(* Let $L=1$ and $\vec m=(a,b)\in\mathcal R^2$ be arbitrary. For every topological space $X$ and every $n\ge1$, $\partial_n\circ\mathcal{SD}_n=\mathcal{SD}_{n-1}\circ\partial_n$ as maps $\mathcal K_n(X)\to\mathcal K_{n-1}(X)$ (and trivially for $n=0$).
   Context: $\mathcal R$ is a commutative ring with unit. $\mathcal S_n(X)$ = continuous maps $[0,1]^n\to X$ ($[0,1]^0=\{0\}$), $\mathcal K_n(X)$ the free $\mathcal R$-module on $\mathcal S_n(X)$, $\mathcal K_{-1}(X)=0$. Boundary: for $n\ge1$, $\partial_n(T)=\sum_{j=1}^n(-1)^{j+1}(a\langle T\rangle_{n,0,j}+b\langle T\rangle_{n,1,j})$ where $\langle T\rangle_{n,i,j}(x_1,\dots,x_{n-1})=T(x_1,\dots,x_{j-1},i,x_j,\dots,x_{n-1})$ ($\langle T\rangle_{1,i,1}(0)=T(i)$), extended linearly, $\partial_0=0$. Subdivision maps $\mathcal{SD}_n:\mathcal K_n(X)\to\mathcal K_n(X)$ ($\mathcal R$-linear): $\mathcal{SD}_{-1}=0$, $\mathcal{SD}_0(T)=-T$, and for $n\ge1$ $$\mathcal{SD}_n(T)=\sum_{\vec e\in\{0,2\}^n}\ \sum_{\vec v\in\mathcal V_{\vec e,n}}\Big(-\prod_{i=1}^nv_i\Big)\,T\circ h_{\vec e,\vec v},$$ where $\mathcal V_{\vec e,n}$ is the set of $\vec v\in\{-1,1\}^n$ with $v_i=1$ whenever $e_i=0$ (and $v_i\in\{-1,1\}$ arbitrary when $e_i=2$), and $h_{\vec e,\vec v}:[0,1]^n\to[0,1]^n$, $h_{\vec e,\vec v}(x)_i=\frac13(e_i+v_ix_i)$. *)

theory Defs
  imports "HOL-Analysis.Analysis"
begin

text \<open>Coordinates are 0-based: coordinate i here is x_(i+1) of the paper.
  The cube [0,1]^n is represented inside nat \<Rightarrow> real, with coordinates
  i \<ge> n equal to 0 (so [0,1]^0 = {\<lambda>_. 0}).\<close>

definition unit_cube :: "nat \<Rightarrow> (nat \<Rightarrow> real) set" where
  "unit_cube n = {x. (\<forall>i<n. 0 \<le> x i \<and> x i \<le> 1) \<and> (\<forall>i\<ge>n. x i = 0)}"

definition cube_top :: "nat \<Rightarrow> (nat \<Rightarrow> real) topology" where
  "cube_top n = subtopology (powertop_real UNIV) (unit_cube n)"

text \<open>Singular n-cubes S_n(X): continuous maps [0,1]^n \<rightarrow> X, made extensional
  (value undefined off the cube) so that equality of cubes is equality of maps on [0,1]^n.\<close>
definition singular_cubes :: "nat \<Rightarrow> 'x topology \<Rightarrow> ((nat \<Rightarrow> real) \<Rightarrow> 'x) set" where
  "singular_cubes n X = {T. continuous_map (cube_top n) X T \<and> (\<forall>x. x \<notin> unit_cube n \<longrightarrow> T x = undefined)}"

text \<open>Chains: finitely supported R-valued functions on cubes (the free R-module).\<close>
type_synonym ('x, 'r) chain = "((nat \<Rightarrow> real) \<Rightarrow> 'x) \<Rightarrow> 'r"

definition cube_chains :: "nat \<Rightarrow> 'x topology \<Rightarrow> ('x, 'r::comm_ring_1) chain set" where
  "cube_chains n X = {c. finite {T. c T \<noteq> 0} \<and> (\<forall>T. c T \<noteq> 0 \<longrightarrow> T \<in> singular_cubes n X)}"

definition basis_chain :: "((nat \<Rightarrow> real) \<Rightarrow> 'x) \<Rightarrow> ('x, 'r::comm_ring_1) chain" where
  "basis_chain T = (\<lambda>S. if S = T then 1 else 0)"

definition lin_ext :: "(((nat \<Rightarrow> real) \<Rightarrow> 'x) \<Rightarrow> ('y, 'r::comm_ring_1) chain)
     \<Rightarrow> ('x, 'r) chain \<Rightarrow> ('y, 'r) chain" where
  "lin_ext f c = (\<lambda>S. \<Sum>T\<in>{T. c T \<noteq> 0}. c T * f T S)"

text \<open>Face \<langle>T\<rangle>_{n,i,j}, with 0-based j (paper's j = this j + 1).\<close>
definition cube_face :: "nat \<Rightarrow> real \<Rightarrow> nat \<Rightarrow> ((nat \<Rightarrow> real) \<Rightarrow> 'x) \<Rightarrow> ((nat \<Rightarrow> real) \<Rightarrow> 'x)" where
  "cube_face n i j T = (\<lambda>x. if x \<in> unit_cube (n - 1)
      then T (\<lambda>k. if k < j then x k else if k = j then i else x (k - 1)) else undefined)"

definition boundary_cube :: "'r::comm_ring_1 \<Rightarrow> 'r \<Rightarrow> nat \<Rightarrow> ((nat \<Rightarrow> real) \<Rightarrow> 'x) \<Rightarrow> ('x, 'r) chain" where
  "boundary_cube a b n T = (if n = 0 then (\<lambda>_. 0) else
     (\<lambda>S. \<Sum>j<n. (-1) ^ j * (a * basis_chain (cube_face n 0 j T) S + b * basis_chain (cube_face n 1 j T) S)))"

definition boundary :: "'r::comm_ring_1 \<Rightarrow> 'r \<Rightarrow> nat \<Rightarrow> ('x, 'r) chain \<Rightarrow> ('x, 'r) chain" where
  "boundary a b n = lin_ext (boundary_cube a b n)"

definition sd_map :: "nat \<Rightarrow> (nat \<Rightarrow> real) \<Rightarrow> (nat \<Rightarrow> int) \<Rightarrow> (nat \<Rightarrow> real) \<Rightarrow> (nat \<Rightarrow> real)" where
  "sd_map n e v x = (\<lambda>i. if i < n then (e i + real_of_int (v i) * x i) / 3 else 0)"

definition sd_E :: "nat \<Rightarrow> (nat \<Rightarrow> real) set" where
  "sd_E n = {..<n} \<rightarrow>\<^sub>E {0, 2}"

definition sd_V :: "nat \<Rightarrow> (nat \<Rightarrow> real) \<Rightarrow> (nat \<Rightarrow> int) set" where
  "sd_V n e = {v \<in> {..<n} \<rightarrow>\<^sub>E {-1, 1}. \<forall>i<n. e i = 0 \<longrightarrow> v i = 1}"

definition sd_cube :: "nat \<Rightarrow> ((nat \<Rightarrow> real) \<Rightarrow> 'x) \<Rightarrow> ('x, 'r::comm_ring_1) chain" where
  "sd_cube n T = (if n = 0 then (\<lambda>S. - basis_chain T S) else
     (\<lambda>S. \<Sum>e\<in>sd_E n. \<Sum>v\<in>sd_V n e.
        (- of_int (\<Prod>i<n. v i)) * basis_chain
           (\<lambda>x. if x \<in> unit_cube n then T (sd_map n e v x) else undefined) S))"

definition subdivision :: "nat \<Rightarrow> ('x, 'r::comm_ring_1) chain \<Rightarrow> ('x, 'r) chain" where
  "subdivision n = lin_ext (sd_cube n)"

end

theory Submission
  imports Defs
begin

text \<open>Both sides are R-linear, so it suffices to treat a single cube T. Pairing the
  coordinates of \<open>e\<close> and \<open>v\<close>, the subdivision of T is a signed sum of the \<open>3^n\<close> pieces
  \<open>T \<circ> h\<close>, where \<open>h\<close> applies in each coordinate one of the maps \<open>t/3\<close>, \<open>(2 - t)/3\<close>,
  \<open>(2 + t)/3\<close>, and the sign is minus the product of their orientations. Fix a face
  direction j and a side i \<in> {0, 1}. Splitting off coordinate j, the i-face of a piece is
  a piece of the subdivision of the face of T at height \<open>h\<^sub>j(i)\<close>. Summing over the three
  choices for coordinate j with their orientation signs, the faces at the interior heights
  1/3 and 2/3 cancel, and what remains is the subdivision of the i-face of T. So every face
  operator commutes with subdivision, hence so does the boundary, which is a linear
  combination of face operators.\<close>

abbreviation supp :: "('x, 'r::comm_ring_1) chain \<Rightarrow> ((nat \<Rightarrow> real) \<Rightarrow> 'x) set" where
  "supp c \<equiv> {T. c T \<noteq> 0}"

lemma lin_ext_eq_sum:
  assumes "finite A" "supp c \<subseteq> A"
  shows "lin_ext f c S = (\<Sum>T\<in>A. c T * f T S)"
  unfolding lin_ext_def by (rule sum.mono_neutral_left) (use assms in auto)

lemma finite_supp_basis_chain: "finite (supp (basis_chain T :: ('x, 'r::comm_ring_1) chain))"
  by (rule finite_subset[of _ "{T}"]) (auto simp: basis_chain_def)

lemma lin_ext_basis_chain: "lin_ext f (basis_chain T) = f T"
  by (rule ext, subst lin_ext_eq_sum[of "{T}"]) (auto simp: basis_chain_def)

lemma finite_supp_sum:
  assumes "finite I" "\<And>i. i \<in> I \<Longrightarrow> finite (supp (c i))"
  shows "finite (supp (\<lambda>S. \<Sum>i\<in>I. k i * c i S))"
  by (rule finite_subset[of _ "\<Union>i\<in>I. supp (c i)"]) (use assms in \<open>auto intro: ccontr\<close>)

lemma finite_supp_add:
  assumes "finite (supp c)" "finite (supp d)"
  shows "finite (supp (\<lambda>S. k * c S + l * d S))"
  by (rule finite_subset[of _ "supp c \<union> supp d"]) (use assms in auto)

lemma lin_ext_sum:
  assumes "finite I" "\<And>i. i \<in> I \<Longrightarrow> finite (supp (c i))"
  shows "lin_ext f (\<lambda>S. \<Sum>i\<in>I. k i * c i S) S' = (\<Sum>i\<in>I. k i * lin_ext f (c i) S')"
proof -
  define A where "A = (\<Union>i\<in>I. supp (c i))"
  have "finite A"
    using assms by (simp add: A_def)
  have "lin_ext f (\<lambda>S. \<Sum>i\<in>I. k i * c i S) S' = (\<Sum>U\<in>A. (\<Sum>i\<in>I. k i * c i U) * f U S')"
    by (rule lin_ext_eq_sum[OF \<open>finite A\<close>]) (auto simp: A_def intro: ccontr)
  also have "\<dots> = (\<Sum>i\<in>I. k i * (\<Sum>U\<in>A. c i U * f U S'))"
    by (simp add: sum_distrib_right sum_distrib_left mult.assoc) (rule sum.swap)
  also have "\<dots> = (\<Sum>i\<in>I. k i * lin_ext f (c i) S')"
  proof (intro sum.cong refl arg_cong[where f = "(*) _"])
    show "(\<Sum>U\<in>A. c i U * f U S') = lin_ext f (c i) S'" if "i \<in> I" for i
      using that by (intro lin_ext_eq_sum[OF \<open>finite A\<close>, symmetric]) (auto simp: A_def)
  qed
  finally show ?thesis .
qed

lemma lin_ext_add:
  assumes "finite (supp c)" "finite (supp d)"
  shows "lin_ext f (\<lambda>S. k * c S + l * d S) S' = k * lin_ext f c S' + l * lin_ext f d S'"
proof -
  define A where "A = supp c \<union> supp d"
  have "finite A"
    using assms by (simp add: A_def)
  have "lin_ext f (\<lambda>S. k * c S + l * d S) S' = (\<Sum>U\<in>A. (k * c U + l * d U) * f U S')"
    by (rule lin_ext_eq_sum[OF \<open>finite A\<close>]) (auto simp: A_def)
  also have "\<dots> = k * (\<Sum>U\<in>A. c U * f U S') + l * (\<Sum>U\<in>A. d U * f U S')"
    by (simp add: algebra_simps sum.distrib sum_distrib_left)
  also have "\<dots> = k * lin_ext f c S' + l * lin_ext f d S'"
    by (simp add: lin_ext_eq_sum[OF \<open>finite A\<close>, of c] lin_ext_eq_sum[OF \<open>finite A\<close>, of d] A_def)
  finally show ?thesis .
qed

lemma lin_ext_lin_ext:
  assumes "finite (supp c)" "\<And>T. finite (supp (g T))"
  shows "lin_ext f (lin_ext g c) = lin_ext (\<lambda>T. lin_ext f (g T)) c"
proof
  fix S
  have "lin_ext g c = (\<lambda>U. \<Sum>T\<in>supp c. c T * g T U)"
    unfolding lin_ext_def ..
  then have "lin_ext f (lin_ext g c) S = (\<Sum>T\<in>supp c. c T * lin_ext f (g T) S)"
    using assms by (simp add: lin_ext_sum)
  then show "lin_ext f (lin_ext g c) S = lin_ext (\<lambda>T. lin_ext f (g T)) c S"
    by (simp add: lin_ext_def)
qed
§ §
= Prompt =
Please return the lines above that run from the line containing "i \<ge> n equal" to the line containing "continuous_map (cube_top n)", inclusive, exactly and with no other lines.

= Solution to this problem =
  i \<ge> n equal to 0 (so [0,1]^0 = {\<lambda>_. 0}).\<close>

definition unit_cube :: "nat \<Rightarrow> (nat \<Rightarrow> real) set" where
  "unit_cube n = {x. (\<forall>i<n. 0 \<le> x i \<and> x i \<le> 1) \<and> (\<forall>i\<ge>n. x i = 0)}"

definition cube_top :: "nat \<Rightarrow> (nat \<Rightarrow> real) topology" where
  "cube_top n = subtopology (powertop_real UNIV) (unit_cube n)"

text \<open>Singular n-cubes S_n(X): continuous maps [0,1]^n \<rightarrow> X, made extensional
  (value undefined off the cube) so that equality of cubes is equality of maps on [0,1]^n.\<close>
definition singular_cubes :: "nat \<Rightarrow> 'x topology \<Rightarrow> ((nat \<Rightarrow> real) \<Rightarrow> 'x) set" where
  "singular_cubes n X = {T. continuous_map (cube_top n) X T \<and> (\<forall>x. x \<notin> unit_cube n \<longrightarrow> T x = undefined)}"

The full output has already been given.